For the case where A is shorter than B output, sign or zero extension is required. Here we assume A is 8 bits, B is 16. This is similar to the parallel case except A is repeated (broadcast) across all of B.

partition | o3 | o2 | o1 | o0 |
---|---|---|---|---|

000 | [A7A7A7A7] | [A7A7A7A7] | A7A6A5A4 | A3A2A1A0 |

001 | [A7A7A7A7] | A7A6A5A4 | A3A2A1A0 | A3A2A1A0 |

010 | A7A6A5A4 | A3A2A1A0 | A7A6A5A4 | A3A2A1A0 |

011 | A7A6A5A4 | A3A2A1A0 | A3A2A1A0 | A3A2A1A0 |

100 | A3A2A1A0 | [A7A7A7A7] | A7A6A5A4 | A3A2A1A0 |

101 | A3A2A1A0 | A7A6A5A4 | A3A2A1A0 | A3A2A1A0 |

110 | A3A2A1A0 | A3A2A1A0 | A7A6A5A4 | A3A2A1A0 |

111 | A3A2A1A0 | A3A2A1A0 | A3A2A1A0 | A3A2A1A0 |

Note how when the entire partition set is open (1x 16-bit output) that all of A is copied out, and either zero or sign extended in the top half of the output. At the other extreme is the 4x 4-bit output partitions, which have four copies of A, truncated from the first 4 bits of A.

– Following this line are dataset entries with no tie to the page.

(* Let $\mathcal C$ be a pointed exact Mal'tsev category and let $(C_1,C_0,d,c,e)$ be a reflexive graph in $\mathcal C$. Then the pushout of $d$ and $c$ exists, and $(d,c)\colon C_1\to C_0\times C_0$ is an epimorphism if and only if this pushout $\pi_0(C)$ is a zero object. Moreover, in that case $(d,c)$ is a regular epimorphism.
   Context: A reflexive graph $(C_1,C_0,d,c,e)$ consists of morphisms $d,c\colon C_1\to C_0$ and $e\colon C_0\to C_1$ with $d\circ e=c\circ e=1_{C_0}$. A Mal'tsev category is a finitely complete category in which every reflexive relation is an equivalence relation; exact means Barr-exact. *)

theory Defs
  imports Main
begin

text \<open>An (elementary) category: objects of type 'o, arrows of type 'a.
  Cp C g f is the composite "g after f".\<close>

record ('o, 'a) cat =
  Obj :: "'o set"
  Arr :: "'a set"
  Dom :: "'a \<Rightarrow> 'o"
  Cod :: "'a \<Rightarrow> 'o"
  Cp  :: "'a \<Rightarrow> 'a \<Rightarrow> 'a"
  Idt :: "'o \<Rightarrow> 'a"

definition hom :: "('o,'a) cat \<Rightarrow> 'o \<Rightarrow> 'o \<Rightarrow> 'a set" where
  "hom C X Y = {f \<in> Arr C. Dom C f = X \<and> Cod C f = Y}"

definition is_category :: "('o,'a) cat \<Rightarrow> bool" where
  "is_category C \<longleftrightarrow>
     (\<forall>f \<in> Arr C. Dom C f \<in> Obj C \<and> Cod C f \<in> Obj C) \<and>
     (\<forall>X \<in> Obj C. Idt C X \<in> hom C X X) \<and>
     (\<forall>f \<in> Arr C. \<forall>g \<in> Arr C. Cod C f = Dom C g \<longrightarrow>
         Cp C g f \<in> hom C (Dom C f) (Cod C g)) \<and>
     (\<forall>f \<in> Arr C. Cp C f (Idt C (Dom C f)) = f \<and> Cp C (Idt C (Cod C f)) f = f) \<and>
     (\<forall>f \<in> Arr C. \<forall>g \<in> Arr C. \<forall>h \<in> Arr C.
         Cod C f = Dom C g \<longrightarrow> Cod C g = Dom C h \<longrightarrow>
         Cp C h (Cp C g f) = Cp C (Cp C h g) f)"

Unlike the parallel case, A is not itself partitioned, so is copied
over as much as is possible. In some cases such as `1x 4-bit, 1x 12-bit`

(partition mask = `0b100`

, above) when copying the 8-bit scalar source
into the highest part of B (o3) it is truncated to 4 bis (because
each partition of B is only 4 bits) but for copying to the 12-bit partition
(o2-o1-00) the 8-bit scalar source, A, will need sign or zero extending.